Erasure Coding: Increase Fault-Resilience & Capacity

April 18, 2017

Products, TechTalks

Apurv Gupta | Chief Architect

One of the new features added to Cohesity DataPlatform in 4.0 is Erasure Coding, or EC in short. Basically, EC is a mathematical technique that stores a piece of data across N disks such that the loss (Erasure) of a few of the disks still allows the data to be reconstructed.

In Cohesity’s architecture, disks reside within hyperconverged nodes that comprise a cluster. EC blocks are distributed across nodes (not just disks) in the cluster to maximize both resilience and performance.

Without going deep into the mathematics, here’s a simple example:
Suppose you wanted to store two pieces of data A and B. You store A on node X, B on node Y and (A+B) on node Z. Now if we lose node X, we can still recover A by reading from node Y and node Z and doing (A+B) – A => B
In this simple example, we are able to tolerate 1 node failure with only 50% overhead.

There are other mathematical techniques to do this for higher failure tolerance (e.g., 2 node failures) and lower storage overhead.

Here’s a simple visual comparison of usable capacity for RF=2 replication compared to 5:2 erasure coding:

This flexibility offers several advantages:

  • Old data can be migrated to EC in the background. Customers don’t need Rip & Replace to realize the benefits!
  • Some workloads (e.g., T&D) may still want to use Mirroring in their ViewBox for better performance.
  • Delayed Erasure Coding – data can be ingested at higher throughput with Mirroring, and older, cold data can be Erasure coded to realize the capacity benefits.

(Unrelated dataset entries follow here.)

(* For every institution $s$, the aggregate choice rule $\mathcal{C}^h_s$ is fair: for every $Y\subseteq X$ and every $x\in Y_s$ with $\mathbf{i}(x)\notin\mathbf{i}(\mathcal{C}^h_s(Y))$, every $y\in\mathcal{C}^h_s(Y)$ satisfies at least one of: (1) $\mathbf{i}(y)\succ_{s}\mathbf{i}(x)$; (2) $\mathbf{t}(x)\neq\mathbf{t}(y)$; (3) $\rho(\mathbf{i}(y))\setminus\rho(\mathbf{i}(x))\neq\emptyset$.
   Context: Model. $I$ finite set of individuals, $S$ finite set of institutions. Reserve categories $R=\{SC,ST,OBC,EWS\}$, position types $V=\{o\}\cup R$ ($o$ = open category). Institution $s$ has $q_s^r$ positions reserved for $r\in R$ and $q_s^o$ open positions. Individual $i$ has vertical membership $t(i)\in R\cup\{g\}$ ($g$ = general). Institution $s$ has a strict merit ranking $\succ_s$ of $I$. Contracts $X$: triples $(i,s,v)$ with $v=o$, or $v=t(i)$ if $t(i)\in R$; $\mathbf{i}(x),\mathbf{s}(x),\mathbf{t}(x)$ denote individual, institution, category; $Y_s=\{x\in Y:\mathbf{s}(x)=s\}$, $\mathbf{i}(Y)=\{\mathbf{i}(x):x\in Y\}$. $H=\{h_1,\dots,h_L\}$ horizontal types, $\rho(i)\subseteq H$ types of $i$, $\rho^{-1}(h)=\{i:h\in\rho(i)\}$; hierarchical: if $\rho^{-1}(h)\cap\rho^{-1}(h')\neq\emptyset$ then one of $\rho^{-1}(h),\rho^{-1}(h')$ is a strict subset of the other ($h$ contains $h'$ if $\rho^{-1}(h')\subsetneq\rho^{-1}(h)$). For each $s$ and $v\in V$, $\kappa^s_v=(\kappa^s_{v,j})_{j}\in\mathbb{Z}_+^L$ are horizontal reservations within category $v$ at $s$; a chosen individual counts against every type she has. Hierarchical choice rule $C^h(A,\kappa,\rho)$ with capacity $q$ and ranking $\succ$: Step 1: let $H^1$ be the types containing no other type. If no individual in $A$ has a horizontal type, choose the $\min(q,|A|)$ highest-ranked and stop. Otherwise for each $h_j\in H^1$ (in a fixed order, not exceeding remaining positions) choose all not-yet-chosen type-$h_j$ individuals of $A$ if at most $\kappa_j$, else the $\kappa_j$ highest-ranked; reduce remaining positions and the reservation of each type containing $h_j$ by the number chosen (floored at 0); remove $h_j$. Step $n\ge2$: stop if no positions or individuals remain; if no type remains, fill remaining positions with the highest-ranked remaining individuals and stop; otherwise process the remaining types containing no other remaining type as in Step 1 with updated reservations. Output: all individuals chosen. Aggregate choice rule $\mathcal{C}^h_s$: given $Y\subseteq X$, categories are processed in the order $o,SC,ST,OBC,EWS$. For category $v$, let $A_v$ be the set of individuals who have a contract $(i,s,v)\in Y$ and who were not chosen by any earlier category; apply $C^h(A_v,\kappa^s_v,\rho)$ with capacity $q_s^v$ and ranking $\succ_s$, and select the contracts $(i,s,v)$ of the chosen individuals. $\mathcal{C}^h_s(Y)$ is the union of the selected contracts over all categories. *)

theory Defs
  imports Main
begin

datatype rcat = SC | ST | OBC | EWS
datatype vmem = Reserved rcat | General        (* vertical membership t(i) in R \<union> {g} *)
datatype pos = Open | Res rcat                 (* position types V = {o} \<union> R *)

type_synonym ('i, 's) contract = "'i \<times> 's \<times> pos"

definition ind :: "('i, 's) contract \<Rightarrow> 'i" where "ind x = fst x"
definition inst :: "('i, 's) contract \<Rightarrow> 's" where "inst x = fst (snd x)"
definition cat :: "('i, 's) contract \<Rightarrow> pos" where "cat x = snd (snd x)"

definition contracts :: "'i set \<Rightarrow> 's set \<Rightarrow> ('i \<Rightarrow> vmem) \<Rightarrow> ('i, 's) contract set" where
  "contracts I S t = {(i, s, v). i \<in> I \<and> s \<in> S \<and>
      (v = Open \<or> (\<exists>r. v = Res r \<and> t i = Reserved r))}"

text \<open>succ a b means a is ranked strictly higher than b; a strict total order on I.\<close>
definition strict_ranking :: "'i set \<Rightarrow> ('i \<Rightarrow> 'i \<Rightarrow> bool) \<Rightarrow> bool" where
  "strict_ranking I succ \<longleftrightarrow>
     (\<forall>a\<in>I. \<not> succ a a) \<and>
     (\<forall>a\<in>I. \<forall>b\<in>I. \<forall>c\<in>I. succ a b \<longrightarrow> succ b c \<longrightarrow> succ a c) \<and>
     (\<forall>a\<in>I. \<forall>b\<in>I. a \<noteq> b \<longrightarrow> succ a b \<or> succ b a)"

definition best :: "('i \<Rightarrow> 'i \<Rightarrow> bool) \<Rightarrow> 'i set \<Rightarrow> 'i" where
  "best succ A = (THE m. m \<in> A \<and> (\<forall>a\<in>A. a \<noteq> m \<longrightarrow> succ m a))"

fun top :: "('i \<Rightarrow> 'i \<Rightarrow> bool) \<Rightarrow> nat \<Rightarrow> 'i set \<Rightarrow> 'i set" where
  "top succ 0 A = {}"
| "top succ (Suc n) A =
     (if A = {} then {} else insert (best succ A) (top succ n (A - {best succ A})))"

definition type_pre :: "'i set \<Rightarrow> ('i \<Rightarrow> 'h set) \<Rightarrow> 'h \<Rightarrow> 'i set" where
  "type_pre I \<rho> h = {i \<in> I. h \<in> \<rho> i}"

definition contains :: "'i set \<Rightarrow> ('i \<Rightarrow> 'h set) \<Rightarrow> 'h \<Rightarrow> 'h \<Rightarrow> bool" where
  "contains I \<rho> h h' \<longleftrightarrow> type_pre I \<rho> h' \<subset> type_pre I \<rho> h"

definition hierarchical :: "'i set \<Rightarrow> ('i \<Rightarrow> 'h set) \<Rightarrow> 'h set \<Rightarrow> bool" where
  "hierarchical I \<rho> H \<longleftrightarrow>
     (\<forall>h\<in>H. \<forall>h'\<in>H. h \<noteq> h' \<longrightarrow> type_pre I \<rho> h \<inter> type_pre I \<rho> h' \<noteq> {} \<longrightarrow>
        type_pre I \<rho> h \<subset> type_pre I \<rho> h' \<or> type_pre I \<rho> h' \<subset> type_pre I \<rho> h)"

text \<open>State: (chosen individuals, remaining positions, current reservations).
  Processing one type h: choose the (at most k h, at most remaining positions)
  highest-ranked not-yet-chosen type-h individuals; update positions and the
  reservations of every type containing h (truncated subtraction = floor at 0).\<close>
definition process_type ::
  "'i set \<Rightarrow> ('i \<Rightarrow> 'h set) \<Rightarrow> ('i \<Rightarrow> 'i \<Rightarrow> bool) \<Rightarrow> 'i set \<Rightarrow> 'h
   \<Rightarrow> 'i set \<times> nat \<times> ('h \<Rightarrow> nat) \<Rightarrow> 'i set \<times> nat \<times> ('h \<Rightarrow> nat)" where
  "process_type I \<rho> succ A h st = (case st of (C, q, k) \<Rightarrow>
     (let B = top succ (min (k h) q) {a \<in> A - C. h \<in> \<rho> a}; c = card B
      in (C \<union> B, q - c, \<lambda>h'. if contains I \<rho> h' h then k h' - c else k h')))"

definition level :: "'i set \<Rightarrow> ('i \<Rightarrow> 'h set) \<Rightarrow> 'h set \<Rightarrow> 'h set" where
  "level I \<rho> R = {h \<in> R. \<not> (\<exists>h'\<in>R. contains I \<rho> h h')}"

definition hier_step ::
  "'i set \<Rightarrow> ('i \<Rightarrow> 'h set) \<Rightarrow> 'h list \<Rightarrow> ('i \<Rightarrow> 'i \<Rightarrow> bool) \<Rightarrow> 'i set
   \<Rightarrow> ('i set \<times> nat \<times> ('h \<Rightarrow> nat)) \<times> 'h set \<Rightarrow> ('i set \<times> nat \<times> ('h \<Rightarrow> nat)) \<times> 'h set" where
  "hier_step I \<rho> hs succ A sr = (case sr of (st, R) \<Rightarrow>
     (let L = level I \<rho> R in (fold (process_type I \<rho> succ A) (filter (\<lambda>h. h \<in> L) hs) st, R - L)))"

text \<open>Steps n \<ge> 2 (with fuel; the fuel given below always suffices).\<close>
fun hier_loop ::
  "nat \<Rightarrow> 'i set \<Rightarrow> ('i \<Rightarrow> 'h set) \<Rightarrow> 'h list \<Rightarrow> ('i \<Rightarrow> 'i \<Rightarrow> bool) \<Rightarrow> 'i set
   \<Rightarrow> ('i set \<times> nat \<times> ('h \<Rightarrow> nat)) \<times> 'h set \<Rightarrow> 'i set" where
  "hier_loop 0 I \<rho> hs succ A sr = fst (fst sr)"
| "hier_loop (Suc n) I \<rho> hs succ A sr = (case sr of ((C, q, k), R) \<Rightarrow>
     (if q = 0 \<or> A - C = {} then C
      else if R = {} then C \<union> top succ q (A - C)
      else hier_loop n I \<rho> hs succ A (hier_step I \<rho> hs succ A sr)))"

One of the interesting challenges in adding EC to Cohesity was that Cohesity supports industry standard NFS & SMB protocols. This means that data can be overwritten, or we might get smaller writes than we’d like and we still have to make a distributed transaction work across many nodes and disks. Small writes can cause packing inefficiencies – causing us to use more storage than desired because we may have to pad writes. Here, our flexible approach paid rich dividends. For smaller writes, we simply write them mirrored and erasure code the data once enough of them have accumulated!

As the size of Cohesity clusters grows larger, we expect most customers will adopt erasure coding into their environments to realize higher fault tolerance as well as lower storage overheads.

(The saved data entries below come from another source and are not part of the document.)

text \<open>Conditioning on the survivors of round \<open>i\<close>: they are determined by the samples
  before \<^term>\<open>agg_off \<epsilon> d i\<close>, hence independent of any event about later samples.\<close>

lemma prob_Collect_mem_agg_set_le:
  assumes H: "\<And>S. S \<subseteq> A \<Longrightarrow> H S \<in> events"
    and determined: "\<And>S \<omega> \<omega>'. S \<subseteq> A \<Longrightarrow> \<omega> \<in> space \<Omega> \<Longrightarrow> \<omega>' \<in> space \<Omega> \<Longrightarrow>
      (\<And>a j. a \<in> A \<Longrightarrow> agg_off \<epsilon> d i \<le> j \<Longrightarrow> \<omega> (a, j) = \<omega>' (a, j)) \<Longrightarrow> \<omega> \<in> H S \<Longrightarrow> \<omega>' \<in> H S"
    and bound: "\<And>\<omega>. \<omega> \<in> space \<Omega> \<Longrightarrow> prob (H (agg_set \<omega> A \<epsilon> d i)) \<le> \<beta>"
  shows "prob {\<omega> \<in> space \<Omega>. \<omega> \<in> H (agg_set \<omega> A \<epsilon> d i)} \<le> \<beta>"
proof -
  define G where "G S = {\<omega> \<in> space \<Omega>. agg_set \<omega> A \<epsilon> d i = S}" for S
  have G: "G S \<in> events" for S unfolding G_def by (rule sets_agg_set_eq)
  have disjoint: "disjoint_family_on (\<lambda>S. G S \<inter> F S) (Pow A)" for F
    by (auto simp: disjoint_family_on_def G_def)
  have factor: "prob (G S \<inter> H S) \<le> prob (G S) * \<beta>" if "S \<subseteq> A" for S
  proof -
    have "prob (G S \<inter> H S) = prob (G S) * prob (H S)"
    proof (rule prob_Int_eq_mult_if_disjoint_samples[OF G H[OF that]])
      show "A \<times> {..<agg_off \<epsilon> d i} \<subseteq> A \<times> UNIV" "A \<times> {agg_off \<epsilon> d i..} \<subseteq> A \<times> UNIV"
        "A \<times> {..<agg_off \<epsilon> d i} \<inter> A \<times> {agg_off \<epsilon> d i..} = {}" by auto
      show "\<omega>' \<in> G S" if "\<omega> \<in> space \<Omega>" "\<omega>' \<in> space \<Omega>" "\<omega> \<in> G S"
        and "\<And>x. x \<in> A \<times> {..<agg_off \<epsilon> d i} \<Longrightarrow> \<omega> x = \<omega>' x" for \<omega> \<omega>'
        using that agg_set_cong[OF finite_arms, of \<epsilon> d i \<omega> \<omega>'] by (auto simp: G_def)
      show "\<omega>' \<in> H S" if "\<omega> \<in> space \<Omega>" "\<omega>' \<in> space \<Omega>" "\<omega> \<in> H S"
        and "\<And>x. x \<in> A \<times> {agg_off \<epsilon> d i..} \<Longrightarrow> \<omega> x = \<omega>' x" for \<omega> \<omega>'
        using determined[OF \<open>S \<subseteq> A\<close> that(1,2) _ that(3)] that(4) by auto
    qed
    also have "\<dots> \<le> prob (G S) * \<beta>"
    proof (cases "G S = {}")
      case False
      then obtain \<omega> where "\<omega> \<in> space \<Omega>" "agg_set \<omega> A \<epsilon> d i = S" by (auto simp: G_def)
      then show ?thesis using bound by (auto intro: mult_left_mono)
    qed simp
    finally show ?thesis .
  qed
  have "{\<omega> \<in> space \<Omega>. \<omega> \<in> H (agg_set \<omega> A \<epsilon> d i)} = (\<Union>S\<in>Pow A. G S \<inter> H S)"
    using agg_set_subset[OF finite_arms] sets.sets_into_space[OF H] by (auto simp: G_def)
  also have "prob \<dots> = (\<Sum>S\<in>Pow A. prob (G S \<inter> H S))"
    using G H finite_arms disjoint by (intro measure_finite_Union) (auto simp: emeasure_eq_measure)
  also have "\<dots> \<le> (\<Sum>S\<in>Pow A. prob (G S)) * \<beta>"
    unfolding sum_distrib_right using factor by (intro sum_mono) auto
  also have "(\<Sum>S\<in>Pow A. prob (G S)) = prob (\<Union>S\<in>Pow A. G S \<inter> space \<Omega>)"
    using G finite_arms disjoint[of "\<lambda>_. space \<Omega>"] sets.sets_into_space[OF G]
    by (subst measure_finite_Union) (auto simp: emeasure_eq_measure Int_absorb2)
  also have "(\<Union>S\<in>Pow A. G S \<inter> space \<Omega>) = space \<Omega>"
    using agg_set_subset[OF finite_arms] by (auto simp: G_def)
  finally show ?thesis by (simp add: prob_space)
qed

lemma best_low_or_many_high_if_eliminated:
  fixes d :: real and i :: nat
  defines "off \<equiv> agg_off \<epsilon> d i" and "k \<equiv> (i + 1) * agg_m \<epsilon> d"
  assumes q: "0 \<le> d + phi (card A)" "d + phi (card A) \<le> 1"
    and \<omega>: "\<omega> \<in> space \<Omega>" and best: "astar \<in> agg_set \<omega> A \<epsilon> d i"
    and eliminated: "astar \<notin> agg_set \<omega> A \<epsilon> d (Suc i)"
  shows "\<omega> \<in> best_low off k \<union> many_high (agg_set \<omega> A \<epsilon> d i) (agg_card (card A) (d + phi (card A)) (Suc i)) off k"
proof (rule ccontr)
  define X where "X = (\<lambda>b. emp_mean \<omega> b off k)"
  define S where "S = agg_set \<omega> A \<epsilon> d i"
  assume "\<omega> \<notin> best_low off k \<union> many_high S (agg_card (card A) (d + phi (card A)) (Suc i)) off k"
  then have not_low: "\<omega> \<notin> best_low off k"
    and few_high: "card {b \<in> S - {astar}. \<omega> \<in> arm_high b off k} < nat \<lfloor>real (card S) * (d + phi (card A))\<rfloor>"
    using \<omega> card_agg_set[OF finite_arms q] by (auto simp: many_high_def S_def not_le)
  have "S \<subseteq> A" unfolding S_def by (rule agg_set_subset[OF finite_arms])
  then have "finite S" using finite_arms by (rule finite_subset)
  have "{b \<in> S - {astar}. X astar \<le> X b} \<subseteq> {b \<in> S - {astar}. \<omega> \<in> arm_high b off k}"
  proof (intro subsetI CollectI conjI)
    fix b assume b: "b \<in> {b \<in> S - {astar}. X astar \<le> X b}"
    then show "b \<in> S - {astar}" by simp
    show "\<omega> \<in> arm_high b off k"
    proof (rule ccontr)
      assume "\<omega> \<notin> arm_high b off k"
      moreover have "b \<in> A" "b \<noteq> astar" using b \<open>S \<subseteq> A\<close> by auto
      ultimately have "X b < X astar"
        unfolding X_def by (rule emp_mean_less_best[OF _ _ \<omega> not_low, rotated 2])
      then show False using b by simp
    qed
  qed
  then have "card {b \<in> S - {astar}. X astar \<le> X b} \<le> card {b \<in> S - {astar}. \<omega> \<in> arm_high b off k}"
    using \<open>finite S\<close> by (intro card_mono) auto
  with few_high have "card {b \<in> S - {astar}. X astar \<le> X b} < nat \<lfloor>real (card S) * (d + phi (card A))\<rfloor>"
    by linarith
  then have "astar \<in> top_k X S (nat \<lfloor>real (card S) * (d + phi (card A))\<rfloor>)"
    using best by (intro mem_top_k_if_few_ahead \<open>finite S\<close>) (auto simp: S_def)
  with eliminated show False by (simp add: Let_def S_def[symmetric] X_def off_def k_def)
qed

With our newest 4.0 release, we’re thrilled to offer our users the flexibility to not only choose the optimal storage technique for their environment, but also the ability to transparently change at any time.

  1. Kashif Ahmad | Dont want to disclose

    few points:-
    1. What is the impact on performance when node x/y is down. When data has to be rebuild first and then returned, what is the impact on reads of this?
    2. In case of small files, is it fixed size or user can set it up. Lets say is there a threshild capacity for small file size or any policy. It would be good idea to have policy.

    At last, once you have written data with say 5:2, and you scaled your cluster to N more nodes, can a user change the policy for new nodes foe EC and small files(if any).

    Apart from listed benefits, one major benfit of erasure coding. is when working with secondary storage is that it doesnt require immediate replacement of failed hardware/disk, rather it should be robust enough to trigger a crawl job which should write the unavailable data acroas nodes again to save rebuilding time for every read system gets.

    April 18, 2017 at 11:05 am
  2. Apurv Gupta | Cohesity

    Hi Kashif,

    You are right that rebuilds are much faster in a scale out system because the rebuild writes are spread out all over the cluster. We can rebuild a lost drive (8TB) in a matter of hours. Here are the answers to your other questions:
    1) If a stripe is not available, reads are served by reading the relevant portions (not the full files, but just the appropriate ranges). Yes, they slow down relative to when the system was healthy. But we also start fixing the file and the next read will probably find a newly built good copy somewhere.\

    2) You can change from RF X EC X:Y EC X1:Y1 interchangeably. New data is written using the new scheme and old data is migrated in the background.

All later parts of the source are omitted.